Artigo de Lygia de Sousa Viégas (*) publicado na Folha de Sâo Paulo em 23/02/2010
Os dados recentes da Educação brasileira atualizam uma discussão que povoa o mundo Escolar: a reprovação no primeiro ano do ensino fundamental. O número agora apresentado, se analisado apenas sob o ponto de vista estatístico, parece pouco: a cada cem crianças, quatro são reprovadas. No entanto, devemos lembrar que os números escondem muitas vidas, pedindo reflexão.
Os caminhos são vários. Sem pretender esgotar o assunto, sinalizo dois extremos. De um lado, o mais óbvio, e que revela um traço da cultura Escolar em nossa sociedade: a suposição de que "é normal que alguns alunos fiquem para trás", cuja consequência no dia a dia é reforçar preconceitos em torno de alunos, que são, por vezes de maneira precoce, tratados como "aqueles que não têm condição de aprender".
Com isso, a reprovação é vista como responsabilidade apenas desses alunos, que "não têm competência intelectual".
Tratados como incapazes, eles aprendem na Escola que lá não é lugar para eles.
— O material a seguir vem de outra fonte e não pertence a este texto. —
locale anticode_construction =
  fixes k s p :: nat and u :: "nat \<Rightarrow> nat"
  assumes k_ge_4: "k \<ge> 4" and s_pos: "s \<ge> 1"
    and u_range: "\<forall>i\<in>{1..p}. 3 \<le> u i \<and> u i < k"
    and u_decreasing: "\<forall>i\<in>{1..<p}. u i > u (i + 1)"
    and sum_u_le: "(\<Sum>i = 1..min (s + 1) p. u i) \<le> s * k"
begin

lemma u_ge_3: "i \<in> {1..p} \<Longrightarrow> 3 \<le> u i"
  and u_less_k: "i \<in> {1..p} \<Longrightarrow> u i < k"
  using u_range by auto

lemma u_less:
  assumes "1 \<le> i" and "i < j" and "j \<le> p"
  shows "u j < u i"
proof -
  have "Suc i \<le> j" using assms(2) by simp
  then show ?thesis using assms(3)
  proof (induction j rule: dec_induct)
    case base
    then show ?case using u_decreasing assms(1) by simp
  next
    case (step j)
    then have "u (Suc j) < u j" using u_decreasing assms(1) by simp
    with step show ?case by simp
  qed
qed

lemma u_le: "1 \<le> i \<Longrightarrow> i \<le> j \<Longrightarrow> j \<le> p \<Longrightarrow> u j \<le> u i"
  using u_less by (cases "i = j") (auto simp: less_imp_le)

lemma u_neq: "i \<in> {1..p} \<Longrightarrow> j \<in> {1..p} \<Longrightarrow> i \<noteq> j \<Longrightarrow> u i \<noteq> u j"
  using u_less by (cases i j rule: linorder_cases) fastforce+

lemma inj_on_u_minus_1: "inj_on (\<lambda>i. u i - 1) {1..p}"
proof (rule inj_onI)
  fix i j assume ij: "i \<in> {1..p}" "j \<in> {1..p}" "u i - 1 = u j - 1"
  then have "u i = u j" using u_ge_3[of i] u_ge_3[of j] by simp
  with ij show "i = j" using u_neq by blast
qed

definition generator :: "nat \<Rightarrow> gf2 poly" where
  "generator i = irreducible_of_degree (k - u i)"

lemma irreducible_generator: "i \<in> {1..p} \<Longrightarrow> irreducible (generator i)"
  and degree_generator: "i \<in> {1..p} \<Longrightarrow> degree (generator i) = k - u i"
  unfolding generator_def using irreducible_of_degree[where 'a = bool, of "k - u i"] u_less_k[of i] by simp_all

lemma generator_nonzero: "i \<in> {1..p} \<Longrightarrow> generator i \<noteq> 0"
  using irreducible_generator by auto

lemma coprime_generators:
  assumes "i \<in> {1..p}" and "j \<in> {1..p}" and "i \<noteq> j"
  shows "Rings.coprime (generator i) (generator j)"
proof (rule coprime_if_irreducible_degree_neq)
  show "irreducible (generator i)" "irreducible (generator j)"
    using assms(1,2) by (simp_all add: irreducible_generator)
  show "degree (generator i) \<noteq> degree (generator j)"
    using assms u_neq u_less_k degree_generator by force
qed

definition ambient :: "gf2 poly set" where
  "ambient = {x. degree x < k}"

definition subspace :: "nat \<Rightarrow> gf2 poly set" where
  "subspace i = (\<lambda>f. f * generator i) ` {f. degree f < u i}"

definition coverage :: "gf2 poly \<Rightarrow> nat" where
  "coverage x = card {i\<in>{1..p}. x \<in> subspace i}"

definition nonzero_vectors :: "gf2 poly list" where
  "nonzero_vectors = (SOME xs. set xs = ambient - {0} \<and> distinct xs)"

definition columns :: "gf2 poly list" where
  "columns = concat (map (\<lambda>x. replicate (s - coverage x) x) nonzero_vectors)"

definition codeword :: "gf2 poly \<Rightarrow> bool list" where
  "codeword a = map (pairing k a) columns"

definition code :: "bool list set" where
  "code = codeword ` ambient"

lemma finite_ambient: "finite ambient"
  unfolding ambient_def by (rule finite_polys_degree_less)
(* Let $f\in\mathbb C[x_1,\dots,x_n]$ be nonzero and $\ell\in\mathbb N$. Then the small Gröbner fan of the ideal $\mathrm{Ann}(1/f^\ell)$ is a subdivision (refinement) of the fan $\Sigma_{f^\ell}$. Moreover, for every $\omega\in\mathbb R^n\setminus\{0\}$, the b-function $b_{\mathrm{Ann}(1/f_{\tau_\omega}^\ell),\omega}(s)$ divides $b_{\mathrm{Ann}(1/f^\ell),\omega}(s)$.
   Context: $D_n$ is the $n$-th Weyl algebra ($\partial_ix_j=x_j\partial_i+\delta_{ij}$); ideals are left ideals. For $\omega\in\mathbb R^n$, the $(-\omega,\omega)$-weight of $x^\alpha\partial^\beta$ is $-\langle\omega,\alpha\rangle+\langle\omega,\beta\rangle$; $\mathrm{in}_{(-\omega,\omega)}(P)$ is the sum of the terms of maximal weight of the normally ordered expression of $P$, and $\mathrm{in}_{(-\omega,\omega)}(I)$ is the left ideal generated by the $\mathrm{in}_{(-\omega,\omega)}(P)$, $P\in I\setminus\{0\}$. For a holonomic ideal $I$ and $\omega\neq0$, with $s=\sum_i\omega_ix_i\partial_i$, $b_{I,\omega}(s)$ is the monic generator of $\mathrm{in}_{(-\omega,\omega)}(I)\cap\mathbb C[s]$. The small Gröbner fan of $I$ is the fan $\Sigma$ in $\mathbb R^n$ such that $\mathrm{in}_{(-\omega,\omega)}(I)$ is constant for $\omega$ in the relative interior of each cone of $\Sigma$, distinct cones corresponding to distinct initial ideals. For a nonzero rational function $g$, $\mathrm{Ann}(g)=\{P\in D_n:P\bullet g=0\}$ ($x_i\bullet g=x_ig$, $\partial_i\bullet g=\partial g/\partial x_i$). For $f=\sum_\gamma c_\gamma x^\gamma$: $\Gamma(f)$ is the convex hull of $\mathrm{Supp}(f)=\{\gamma:c_\gamma\ne0\}$, $\mathrm{ord}_f(\omega)=\min\{\langle\gamma,\omega\rangle:\gamma\in\Gamma(f)\}$, $\tau_\omega=\{u\in\Gamma(f):\langle u,\omega\rangle=\mathrm{ord}_f(\omega)\}$, $f_\tau=\sum_{\gamma\in\tau\cap\mathrm{Supp}(f)}c_\gamma x^\gamma$; for a face $\tau$, $C_\tau=\{\omega:\langle u,\omega\rangle=\mathrm{ord}_f(\omega)\ \forall u\in\tau\}$, and $\Sigma_f$ is the fan of all $C_\tau$. $\mathbb N=\{0,1,2,\dots\}$. *)

theory Defs
  imports "HOL-Analysis.Analysis" "HOL-Library.Poly_Mapping" "HOL-Computational_Algebra.Polynomial"
begin

type_synonym 'n mono = "'n \<Rightarrow>\<^sub>0 nat"
type_synonym 'n mpoly = "'n mono \<Rightarrow>\<^sub>0 complex"
text \<open>Weyl algebra element in normal order: coefficient of x^alpha d^beta at (alpha, beta).\<close>
type_synonym 'n weyl = "('n mono \<times> 'n mono) \<Rightarrow>\<^sub>0 complex"

definition unitv :: "'n \<Rightarrow> 'n mono" where
  "unitv i = Poly_Mapping.single i 1"

definition xmono :: "'n mono \<Rightarrow> 'n mpoly" where
  "xmono a = Poly_Mapping.single a 1"

definition cmul :: "complex \<Rightarrow> 'n mpoly \<Rightarrow> 'n mpoly" where
  "cmul c p = Poly_Mapping.map (\<lambda>z. c * z) p"

definition pderiv_mp :: "'n \<Rightarrow> 'n mpoly \<Rightarrow> 'n mpoly" where
  "pderiv_mp i p = (\<Sum>a\<in>Poly_Mapping.keys p.
      Poly_Mapping.single (a - unitv i) (Poly_Mapping.lookup p a * of_nat (Poly_Mapping.lookup (a :: 'n mono) i)))"

definition tdeg :: "'n::finite mono \<Rightarrow> nat" where
  "tdeg b = (\<Sum>i\<in>UNIV. Poly_Mapping.lookup b i)"

text \<open>(x^a d^b)(x^c d^d) = sum_k prod_i k_i! C(b_i,k_i) C(c_i,k_i) x^(a+c-k) d^(b+d-k)\<close>
definition weyl_mono_mult :: "'n::finite mono \<Rightarrow> 'n mono \<Rightarrow> 'n mono \<Rightarrow> 'n mono \<Rightarrow> 'n weyl" where
  "weyl_mono_mult a b c d =
     (\<Sum>k\<in>{k. \<forall>i. Poly_Mapping.lookup k i \<le> Poly_Mapping.lookup b i \<and> Poly_Mapping.lookup k i \<le> Poly_Mapping.lookup c i}.
        Poly_Mapping.single (a + c - k, b + d - k)
          (of_nat (\<Prod>i\<in>UNIV. fact (Poly_Mapping.lookup k i) * (Poly_Mapping.lookup b i choose Poly_Mapping.lookup k i)
                                 * (Poly_Mapping.lookup c i choose Poly_Mapping.lookup k i))))"

definition weyl_mult :: "'n::finite weyl \<Rightarrow> 'n weyl \<Rightarrow> 'n weyl" where
  "weyl_mult P Q = (\<Sum>(a,b)\<in>Poly_Mapping.keys P. \<Sum>(c,d)\<in>Poly_Mapping.keys Q.
      Poly_Mapping.map (\<lambda>z. Poly_Mapping.lookup P (a,b) * Poly_Mapping.lookup Q (c,d) * z) (weyl_mono_mult a b c d))"

definition weyl_one :: "'n weyl" where
  "weyl_one = Poly_Mapping.single (0, 0) 1"

primrec weyl_pow :: "'n::finite weyl \<Rightarrow> nat \<Rightarrow> 'n weyl" where
  "weyl_pow s 0 = weyl_one"
| "weyl_pow s (Suc k) = weyl_mult s (weyl_pow s k)"

inductive_set left_ideal_gen :: "'n::finite weyl set \<Rightarrow> 'n weyl set" for S where
  zero: "0 \<in> left_ideal_gen S"
| gen: "g \<in> S \<Longrightarrow> g \<in> left_ideal_gen S"
| add: "a \<in> left_ideal_gen S \<Longrightarrow> b \<in> left_ideal_gen S \<Longrightarrow> a + b \<in> left_ideal_gen S"
| lmult: "a \<in> left_ideal_gen S \<Longrightarrow> weyl_mult Q a \<in> left_ideal_gen S"

definition vec_of :: "'n::finite mono \<Rightarrow> real^'n" where
  "vec_of a = (\<chi> i. real (Poly_Mapping.lookup a i))"

definition wt :: "real^'n \<Rightarrow> ('n::finite mono \<times> 'n mono) \<Rightarrow> real" where
  "wt w ab = (\<Sum>i\<in>UNIV. w $ i * (real (Poly_Mapping.lookup (snd ab) i) - real (Poly_Mapping.lookup (fst ab) i)))"

definition init_form :: "real^'n \<Rightarrow> 'n::finite weyl \<Rightarrow> 'n weyl" where
  "init_form w P = (let m = Max (wt w ` Poly_Mapping.keys P) in
      (\<Sum>k\<in>{k\<in>Poly_Mapping.keys P. wt w k = m}. Poly_Mapping.single k (Poly_Mapping.lookup P k)))"

definition init_ideal :: "real^'n \<Rightarrow> 'n::finite weyl set \<Rightarrow> 'n weyl set" where
  "init_ideal w I = left_ideal_gen {init_form w P | P. P \<in> I \<and> P \<noteq> 0}"

definition euler_s :: "real^'n \<Rightarrow> 'n::finite weyl" where
  "euler_s w = (\<Sum>i\<in>UNIV. Poly_Mapping.single (unitv i, unitv i) (complex_of_real (w $ i)))"

definition poly_at_s :: "real^'n \<Rightarrow> complex poly \<Rightarrow> 'n::finite weyl" where
  "poly_at_s w p = (\<Sum>k\<le>degree p.
      weyl_mult (Poly_Mapping.single (0,0) (coeff p k)) (weyl_pow (euler_s w) k))"

definition bfun :: "'n::finite weyl set \<Rightarrow> real^'n \<Rightarrow> complex poly" where
  "bfun I w = (THE b. {p. poly_at_s w p \<in> init_ideal w I} = {p. b dvd p}
                      \<and> (b = 0 \<or> lead_coeff b = 1))"

text \<open>d_i (h / q^m) = (d_i h * q - m h d_i q) / q^(m+1); pairs (h,m) stand for h/q^m\<close>
definition dstep :: "'n mpoly \<Rightarrow> 'n \<Rightarrow> 'n mpoly \<times> nat \<Rightarrow> 'n mpoly \<times> nat" where
  "dstep q i hm = (pderiv_mp i (fst hm) * q - of_nat (snd hm) * fst hm * pderiv_mp i q,
                   Suc (snd hm))"
(* Suppose the budget and utility parameters of users are drawn i.i.d. from a discrete distribution $\mathcal{D}$ with finite support $\{(\tilde w_k,\tilde{\mathbf{u}}_k)\}_{k=1}^K$ and probabilities $q_k$, satisfying that for each good $j$, $\mathbb{P}_{\mathcal{D}}(u_j>0)>0$. Let $\boldsymbol{\pi}$ be the adaptive expected equilibrium pricing policy described below, and let $0<\underline{p}\le\bar p$ be lower and upper bounds on the prices, i.e., $\underline{p}\le p_j^t\le\bar p$ for all goods $j$ and users $t\in[n]$. Let $\mathbf{x}_1,\dots,\mathbf{x}_n$ be the allocations where, for a user $t$ of type $k$, $\mathbf{x}_t=\mathbf{z}_k^*$ for an optimal solution $(\mathbf{z}_1^*,\dots,\mathbf{z}_K^* )$ of $CE(\mathbf{d}_t)$ if $t\le\tau$, and of $CE(\mathbf{d})$ if $t>\tau$, where $\tau$ is the first time at which $\mathbf{d}_t\notin[\mathbf{d}-\Delta,\mathbf{d}+\Delta]$. Then the expected constraint violation satisfies $V_n(\boldsymbol{\pi})\le O(1)$ and the expected regret satisfies $R_n(\boldsymbol{\pi})\le O(\log n)$.
   Context: Online Fisher market: $m$ divisible goods, good $j$ with capacity $c_j=nd_j$, $\mathbf{d}>\mathbf{0}$; $n$ users arrive sequentially with budget $w_t>0$ and utility vector $\mathbf{u}_t\ge\mathbf{0}$, $(w_t,\mathbf{u}_t)$ i.i.d. from $\mathcal{D}$, where $\mathbb{P}((w_t,\mathbf{u}_t)=(\tilde w_k,\tilde{\mathbf{u}}_k))=q_k$, $\sum_k q_k=1$, budgets in $[\underline w,\bar w]$ with $\underline w>0$. For a vector $\mathbf{d}'>\mathbf{0}$, the certainty-equivalent problem $CE(\mathbf{d}')$ is $\max_{\mathbf{z}_k\in\mathbb{R}^m}\sum_{k=1}^K q_k\tilde w_k\log(\sum_j\tilde u_{kj}z_{kj})$ s.t. $\sum_{k}q_kz_{kj}\le d'_j$ for all $j$, $z_{kj}\ge0$. Adaptive expected equilibrium pricing (with threshold vector $\mathbf{0}<\Delta<\mathbf{d}$): set $\mathbf{d}_1=\mathbf{c}/n=\mathbf{d}$; for $t=1,\dots,n$: if $\mathbf{d}_{t'}\in[\mathbf{d}-\Delta,\mathbf{d}+\Delta]$ for all $t'\le t$, set $\mathbf{p}^t$ to the optimal dual variables of the capacity constraints of $CE(\mathbf{d}_t)$, otherwise to those of $CE(\mathbf{d})$; user $t$ receives $\mathbf{x}_t$ (an optimal bundle for the user's problem $\max\mathbf{u}_t^\top\mathbf{x}$ s.t. $(\mathbf{p}^t)^\top\mathbf{x}\le w_t,\mathbf{x}\ge0$); remaining capacities $\mathbf{c}_{t+1}=\mathbf{c}_t-\mathbf{x}_t$ (with $\mathbf{c}_1=\mathbf{c}$) and $\mathbf{d}_{t+1}=\mathbf{c}_{t+1}/(n-t)$. Offline optimum $U_n^*=\max\{\sum_t w_t\log(\sum_j u_{tj}x_{tj}):\sum_t x_{tj}\le c_j,\ x\ge0\}$; $U_n(\boldsymbol{\pi})=\sum_t w_t\log(\mathbf{u}_t^\top\mathbf{x}_t)$; $R_n=\mathbb{E}[U_n^*-U_n(\boldsymbol{\pi})]$; $V_n=\mathbb{E}[\|(\sum_t\mathbf{x}_t-\mathbf{c})_+\|_2]$. Asymptotic notation is as $n\to\infty$ with $m,K,\mathcal{D},\mathbf{d},\Delta,\underline p,\bar p$ fixed. *)

theory Defs
  imports "HOL-Analysis.Analysis"
begin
No futuro, muitos dirão "abandonei a Escola", sem se dar conta de que foi a Escola que os abandonou.
A estrutura (que acompanha a história da Educação brasileira há décadas quase de forma intocada) foi um dos motes para a implantação do ensino fundamental de nove anos, que veio acompanhada da promessa de alfabetizar todas as crianças antes dos sete anos, direito que faltava aos mais pobres e que, se supunha, os fazia reprovar logo ao entrar na Escola.
No outro extremo, um "novo" aspecto deve compor a leitura desse índice, apontado por alguns como pequeno: diversos Estados e municípios implantaram políticas que proíbem a reprovação, produzindo como efeito que um número significativo de crianças passa de ano sem de fato aprender.
Basta olhar com atenção para notar que menos da metade dos municípios brasileiros registrou reprovações no primeiro ano. Assim, os alunos concluem o ensino fundamental e melhoram a estatística brasileira.
Pelos números, parece um bom resultado, mas o fato é que, mesmo dentro das Escolas, eles permanecem excluídos e abandonados ao próprio azar.
Esses dois extremos da situação apontam para um aspecto comum: o descompromisso político com a melhoria da Escola, sobretudo quando voltada para a população mais pobre. Saibamos: em termos de Educação, os números não revelam a realidade! O fato é que ainda temos muito que avançar.
(*) LYGIA VIÉGAS é mestre e doutora em psicologia Escolar pelo Instituto de Psicologia da USP. Atualmente, coordena o curso de Psicologia da Faculdade São Bento da Bahia.